# LET, is it worth going back?



## Dan (May 19, 2013)

So LET is back, but is it worth going back to it? I don't really follow/care about the colocrossing stuff I haven't been around long enough to know/care.

The only thing that draws me back to it is the amount of providers that do post on it & the community, although I stick with one provider for all my VPS needs (UrPad)...


----------



## Aldryic C'boas (May 19, 2013)

Far as I'm concerned, that 'community' went to shit quite awhile ago - hence why I only posted a couple times a year.  Probably a decent enough place if you don't care about the subterfuge or constant bickering - but my advice to providers would be avoiding LET itself (just post to LEB if you must) to avoid having your own reputation stained just by association.


----------



## HalfEatenPie (May 19, 2013)

I mean, I'm not going to return to LET in a while.  VPSBoard has turned into something that I prefer and honestly LET has grown tiring for me for a while now.


----------



## Dan (May 19, 2013)

I can see where you are coming from as a provider, but as a user it's normally about the best deal with the best company and reading the reviews on said companies.


----------



## Damian (May 19, 2013)




----------



## Francisco (May 19, 2013)

athk said:


> although I stick with one provider for all my VPS needs (UrPad)...



I don't even think the new owners of urpad are on LE* are they?

Really, you'll see more providers come around these parts in time.
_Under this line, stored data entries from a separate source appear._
lemma regular_param_differentiable_comp:
  assumes "regular_param V \<tau>" "open W" "x \<in> W" "\<phi> ` W \<subseteq> V" "\<phi> differentiable (at x)"
  shows "(\<lambda>y. \<tau> (\<phi> y)) differentiable (at x)"
    and "(\<lambda>y. outer_billiard D (\<phi> y)) differentiable (at x)"
proof -
  have "\<phi> x \<in> V"
    using assms(3,4) by blast
  then show "(\<lambda>y. \<tau> (\<phi> y)) differentiable (at x)"
    using differentiable_chain_at[OF assms(5), of \<tau>] assms(1) by (simp add: regular_param_def o_def)
  then obtain L where L: "((\<lambda>y. \<tau> (\<phi> y)) has_derivative L) (at x)"
    unfolding differentiable_def by blast
  obtain P where P: "(\<phi> has_derivative P) (at x)"
    using assms(5) unfolding differentiable_def by blast
  have "((\<lambda>y. 2 *\<^sub>R \<gamma> (\<tau> (\<phi> y)) - \<phi> y) has_derivative (\<lambda>h. 2 *\<^sub>R (L h *\<^sub>R \<gamma>' (\<tau> (\<phi> x))) - P h)) (at x)"
    by (intro has_derivative_diff has_derivative_scaleR_right
        has_derivative_compose_curve[OF curve_has_vector_derivative L] P)
  then have "((\<lambda>y. outer_billiard D (\<phi> y)) has_derivative
      (\<lambda>h. 2 *\<^sub>R (L h *\<^sub>R \<gamma>' (\<tau> (\<phi> x))) - P h)) (at x)"
    by (rule has_derivative_transform_within_open[OF _ assms(2,3)])
      (use assms(1,4) in \<open>auto simp: regular_param_def outer_billiard_def\<close>)
  then show "(\<lambda>y. outer_billiard D (\<phi> y)) differentiable (at x)"
    unfolding differentiable_def by blast
qed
With the upgrades CC rolled out it actually shows that the LET community really isn't all that big content wise.

There is ~9k threads total and most of them are topped up with meme pictures.

I've seen maybe a handful of meme images on here. Maybe it's just that the format of the forums doesn't promote it where as LE's did.

I've enjoyed the discussions on here so far and I think many others have too. 

LE* became a business venture soon after Joel took over. At this point it has been whored around due to how the advertisers were treated. I have countless people that advertised on LET that have come forward stating that the number of ads has nearly doubled on the forums from

the original 17 to about 30, all the while the amount of hits more or less chopped in half and the cost of the ads went up $30. 

Many providers that rely on CC's pricing to live will stay there because it's a chance for them to get some more exposure where as ones that 

have built in other locations will be more inclined to look at other forums.

Francisco


----------



## Amitz (May 19, 2013)

I will not go back.


----------



## SeriesN (May 19, 2013)

I don't about you guys but I will miss Pubcrowler vs CVps drama . People trying to reveal this and that.

Hopefully now, since we all know who is doing what on LEN, people will bring in less drama. However, I do see an issue with increasing number of CC exclusive hosts which might backfire, since people will be getting the exact same thing on same network and same hardware but under different names which will eventually kill peoples interest..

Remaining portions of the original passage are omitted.